Why are these most basic virtues considered masculine? In 1917, Alice Paul, a suffragette leader of the National Woman’s Party was arrested for obstructing traffic while picketing the White House to force President Wilson to support women’s suffrage. In jail, Paul went on hunger strike in protest of the prison conditions, not the first time she had exercised non-violent protest to defend a cause bigger than herself.
Isn’t it time to redefine the terms, reinvent our language, as language is the way by which we identify ourselves, our roles and through which we can enact change? Betty Friedan, in her 1997 introduction to her 1963 groundbreaking book The Feminine Mystique, wrote “women and men are now both occupying the mainstream of society and defining the terms. The standards, the definitions, the very measures we live by, have to change, are changing, as women’s and men’s shared new reality sweeps aside the obsolete remnants of the feminine mystique and its machismo counterpart.”
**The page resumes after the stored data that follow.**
definition N_gt :: "nat \<Rightarrow> nat list \<Rightarrow> nat" where
  "N_gt k ds = card {i. i < length ds \<and> ds ! i > k}"

definition p_gt :: "real \<Rightarrow> nat \<Rightarrow> real" where
  "p_gt \<delta> k = Gamma (real k + 1 + \<delta>) * Gamma (3 + 2 * \<delta>)
              / (Gamma (real k + 3 + 2 * \<delta>) * Gamma (1 + \<delta>))"

end

theory Submission
  imports Defs
begin

text \<open>Write a_k(n) = E N_{>k}(n) and c_k(n) = (k + delta) / ((2 + delta) n). Given G(n), the count
  N_{>k} grows by one exactly when the new node attaches to a node of degree k, which happens with
  probability c_k(n) (N_{>k-1}(n) - N_{>k}(n)); hence a_k(n+1) = (1 - c_k(n)) a_k(n) + c_k(n) a_{k-1}(n).
  Since (2 + delta) p_{>k} = (k + delta) (p_{>k-1} - p_{>k}), the sequence n p_{>k} solves the same
  recursion exactly, so while c_k(n) <= 1 the errors a_k(n) - n p_{>k} at time n+1 are convex
  combinations of errors at time n. They vanish for k = 0 and are at most 1 for n = 1. If c_k(n) > 1,
  then k exceeds the maximal degree n + 1, so a_k(n+1) = 0, while (n+1) p_{>k} <= 2 by the tail bound
  (k + 1 + delta) p_{>k} <= 1 + delta. By induction on n every error is at most 2.\<close>

lemma expectation_pmf_of_list:
  fixes f :: "'a \<Rightarrow> real"
  assumes "pmf_of_list_wf xs"
  shows "measure_pmf.expectation (pmf_of_list xs) f = (\<Sum>(x, p)\<leftarrow>xs. p * f x)"
proof -
  define A where "A = set (map fst xs)"
  have filter_sum: "sum_list (map snd (filter (\<lambda>z. fst z = a) ys)) * f a
      = (\<Sum>(x, p)\<leftarrow>ys. if x = a then p * f x else 0)" for a ys
    by (induction ys) (auto simp: algebra_simps)
  have sum_swap: "(\<Sum>a\<in>A. \<Sum>(x, p)\<leftarrow>ys. g a x p) = (\<Sum>(x, p)\<leftarrow>ys. \<Sum>a\<in>A. g a x p)"
    for ys and g :: "'a \<Rightarrow> 'a \<Rightarrow> real \<Rightarrow> real"
    by (induction ys) (auto simp: sum.distrib)
  have "measure_pmf.expectation (pmf_of_list xs) f = (\<Sum>a\<in>A. pmf (pmf_of_list xs) a * f a)"
    using set_pmf_of_list[OF assms] by (subst integral_measure_pmf[of A]) (auto simp: A_def)
  also have "\<dots> = (\<Sum>(x, p)\<leftarrow>xs. \<Sum>a\<in>A. if x = a then p * f x else 0)"
    by (simp add: pmf_pmf_of_list[OF assms] filter_sum sum_swap)
  also have "\<dots> = (\<Sum>(x, p)\<leftarrow>xs. p * f x)"
    by (intro arg_cong[where f = sum_list] map_cong) (auto simp: A_def rev_image_eqI)
  finally show ?thesis .
qed

definition degree_seqs :: "nat \<Rightarrow> nat list set" where
  "degree_seqs n = {ds. length ds = n \<and> set ds \<subseteq> {1..n + 1} \<and> sum_list ds = 2 * n}"

lemma finite_degree_seqs: "finite (degree_seqs n)"
  by (rule finite_subset[OF _ finite_lists_length_eq[of "{1..n + 1}" n]])
     (auto simp: degree_seqs_def)

definition attachment_list :: "real \<Rightarrow> nat list \<Rightarrow> (nat list \<times> real) list" where
  "attachment_list \<delta> ds =
     map (\<lambda>i. (ds[i := ds ! i + 1] @ [1], (real (ds ! i) + \<delta>) / ((2 + \<delta>) * real (length ds))))
         [0..<length ds]"

lemma modelA_step_eq: "modelA_step \<delta> ds = pmf_of_list (attachment_list \<delta> ds)"
  by (simp add: modelA_step_def attachment_list_def)

lemma attachment_list_wf:
  assumes "\<delta> > -1" "ds \<in> degree_seqs n" "n \<ge> 1"
  shows "pmf_of_list_wf (attachment_list \<delta> ds)"
proof (rule pmf_of_list_wfI)
  have len: "length ds = n" and degs: "set ds \<subseteq> {1..n + 1}" and total: "sum_list ds = 2 * n"
    using assms(2) by (auto simp: degree_seqs_def)
  have denom_pos: "(2 + \<delta>) * real n > 0"
    using assms(1,3) by simp
  show "x \<ge> 0" if x_mem: "x \<in> set (map snd (attachment_list \<delta> ds))" for x
  proof -
    obtain i where "i < n" and x: "x = (real (ds ! i) + \<delta>) / ((2 + \<delta>) * real n)"
      using x_mem by (auto simp: attachment_list_def len)
    then have "ds ! i \<ge> 1"
      using degs len nth_mem by fastforce
    then show ?thesis
      unfolding x using assms(1) denom_pos by (intro divide_nonneg_pos) auto
  qed
  have "(\<Sum>i<n. real (ds ! i) + \<delta>) = (2 + \<delta>) * real n"
    using total len by (simp add: sum.distrib sum_list_sum_nth atLeast0LessThan algebra_simps
                                  flip: of_nat_sum)
  then show "sum_list (map snd (attachment_list \<delta> ds)) = 1"
    using len assms(1,3)
    by (simp add: attachment_list_def interv_sum_list_conv_sum_set_nat atLeast0LessThan
                  flip: sum_divide_distrib)
qed

lemma set_pmf_modelA_step:
  assumes "\<delta> > -1" "ds \<in> degree_seqs n" "n \<ge> 1"
  shows "set_pmf (modelA_step \<delta> ds) \<subseteq> degree_seqs (Suc n)"
proof
  have len: "length ds = n" and degs: "set ds \<subseteq> {1..n + 1}" and total: "sum_list ds = 2 * n"
    using assms(2) by (auto simp: degree_seqs_def)
  fix ds' assume "ds' \<in> set_pmf (modelA_step \<delta> ds)"
  then have "ds' \<in> fst ` set (attachment_list \<delta> ds)"
    using set_pmf_of_list[OF attachment_list_wf[OF assms]] by (auto simp: modelA_step_eq)
  then obtain i where i: "i < n" and ds': "ds' = ds[i := ds ! i + 1] @ [1]"
    by (auto simp: attachment_list_def len)
  have "ds ! i \<in> {1..n + 1}"
    using i len degs nth_mem by fastforce
  then have "set ds' \<subseteq> {1..Suc n + 1}"
    using degs by (fastforce simp: ds' dest: subsetD[OF set_update_subset_insert])
  moreover have "sum_list ds' = 2 * Suc n"
    using i len total by (simp add: ds' sum_list_update)
  ultimately show "ds' \<in> degree_seqs (Suc n)"
    using len by (simp add: degree_seqs_def ds')
qed

lemma modelA_Suc:
  assumes "n \<ge> 1"
  shows "modelA \<delta> (Suc n) = modelA \<delta> n \<bind> modelA_step \<delta>"
  using assms by (cases n) (auto simp: modelA_def)

lemma set_pmf_modelA:
  assumes "\<delta> > -1" "n \<ge> 1"
  shows "set_pmf (modelA \<delta> n) \<subseteq> degree_seqs n"
  using assms(2)
proof (induction n rule: dec_induct)
  case base
  then show ?case by (simp add: modelA_def degree_seqs_def)
next
  case (step n)
  then show ?case
    using set_pmf_modelA_step[OF assms(1) _ step(1)] by (auto simp: modelA_Suc)
qed

lemma real_N_gt_eq_sum: "real (N_gt k ds) = (\<Sum>i<length ds. of_bool (k < ds ! i))"
  by (simp add: N_gt_def lessThan_def Collect_conj_eq)

lemma N_gt_attach:
  assumes "i < length ds" "k \<ge> 1"
  shows "N_gt k (ds[i := ds ! i + 1] @ [1]) = N_gt k ds + of_bool (ds ! i = k)"
proof -
  have "real (N_gt k (ds[i := ds ! i + 1] @ [1]))
      = (\<Sum>j<length ds. of_bool (k < ds ! j) + (if j = i then of_bool (ds ! i = k) else 0))"
    using assms
    by (auto simp: real_N_gt_eq_sum nth_append nth_list_update simp del: sum_of_bool_eq
             intro!: sum.cong)
  also have "\<dots> = real (N_gt k ds + of_bool (ds ! i = k))"
    using assms(1) by (simp add: sum.distrib real_N_gt_eq_sum del: sum_of_bool_eq)
  finally show ?thesis by linarith
qed

lemma N_gt_pred_diff:
  assumes "k \<ge> 1"
  shows "real (N_gt (k - 1) ds) - real (N_gt k ds) = (\<Sum>i<length ds. of_bool (ds ! i = k))"
  using assms
  by (auto simp: real_N_gt_eq_sum simp del: sum_of_bool_eq simp flip: sum_subtractf
           intro!: sum.cong)

lemma expectation_modelA_step_N_gt:
  assumes "\<delta> > -1" "ds \<in> degree_seqs n" "n \<ge> 1" "k \<ge> 1"
  shows "measure_pmf.expectation (modelA_step \<delta> ds) (\<lambda>ds'. real (N_gt k ds'))
       = real (N_gt k ds)
         + (real k + \<delta>) / ((2 + \<delta>) * real n) * (real (N_gt (k - 1) ds) - real (N_gt k ds))"
proof -
  have len: "length ds = n"
    using assms(2) by (simp add: degree_seqs_def)
  define w where "w i = (real (ds ! i) + \<delta>) / ((2 + \<delta>) * real n)" for i
  define c where "c = (real k + \<delta>) / ((2 + \<delta>) * real n)"
  have w_sum: "(\<Sum>i<n. w i) = 1"
    using attachment_list_wf[OF assms(1-3)] len
    by (simp add: pmf_of_list_wf_def attachment_list_def interv_sum_list_conv_sum_set_nat
                  atLeast0LessThan w_def)
  have "measure_pmf.expectation (modelA_step \<delta> ds) (\<lambda>ds'. real (N_gt k ds'))
      = (\<Sum>i<n. w i * real (N_gt k (ds[i := ds ! i + 1] @ [1])))"
    unfolding modelA_step_eq expectation_pmf_of_list[OF attachment_list_wf[OF assms(1-3)]]
    using len by (simp add: attachment_list_def interv_sum_list_conv_sum_set_nat atLeast0LessThan w_def)
  also have "\<dots> = (\<Sum>i<n. w i * real (N_gt k ds) + c * of_bool (ds ! i = k))"
  proof (intro sum.cong refl)
    fix i assume "i \<in> {..<n}"
    then have "N_gt k (ds[i := ds ! i + 1] @ [1]) = N_gt k ds + of_bool (ds ! i = k)"
      using len assms(4) by (intro N_gt_attach) auto
    moreover have "w i = c" if "ds ! i = k"
      using that by (simp add: w_def c_def)
    ultimately show "w i * real (N_gt k (ds[i := ds ! i + 1] @ [1]))
        = w i * real (N_gt k ds) + c * of_bool (ds ! i = k)"
      by (cases "ds ! i = k") (simp_all add: ring_distribs)
  qed
  also have "\<dots> = real (N_gt k ds) * (\<Sum>i<n. w i) + c * (\<Sum>i<n. of_bool (ds ! i = k))"
    by (simp add: sum.distrib sum_distrib_left sum_distrib_right mult.commute
             del: sum_of_bool_eq)
  also have "\<dots> = real (N_gt k ds) + c * (real (N_gt (k - 1) ds) - real (N_gt k ds))"
    using len N_gt_pred_diff[OF assms(4), of ds] by (simp add: w_sum del: sum_of_bool_eq)
  finally show ?thesis
    unfolding c_def .
qed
Perhaps it was easier to stage “The Men’s Story Project” in the tolerant town of Berkeley, California. And no, these men won’t be boarding a bus and taking the show to Topeka, as one person in the audience suggested. But director Lehrer promised it was created to be replicated and shared. And in a culture desperate for reality not found on television, for authentic role models, both male and female, one can only hope the night will be repeated, on stages or in living rooms across the country, each as unique an experience as our friends and neighbors, willing to undress ourselves, step out of our armor and glimpse each others’ humanity.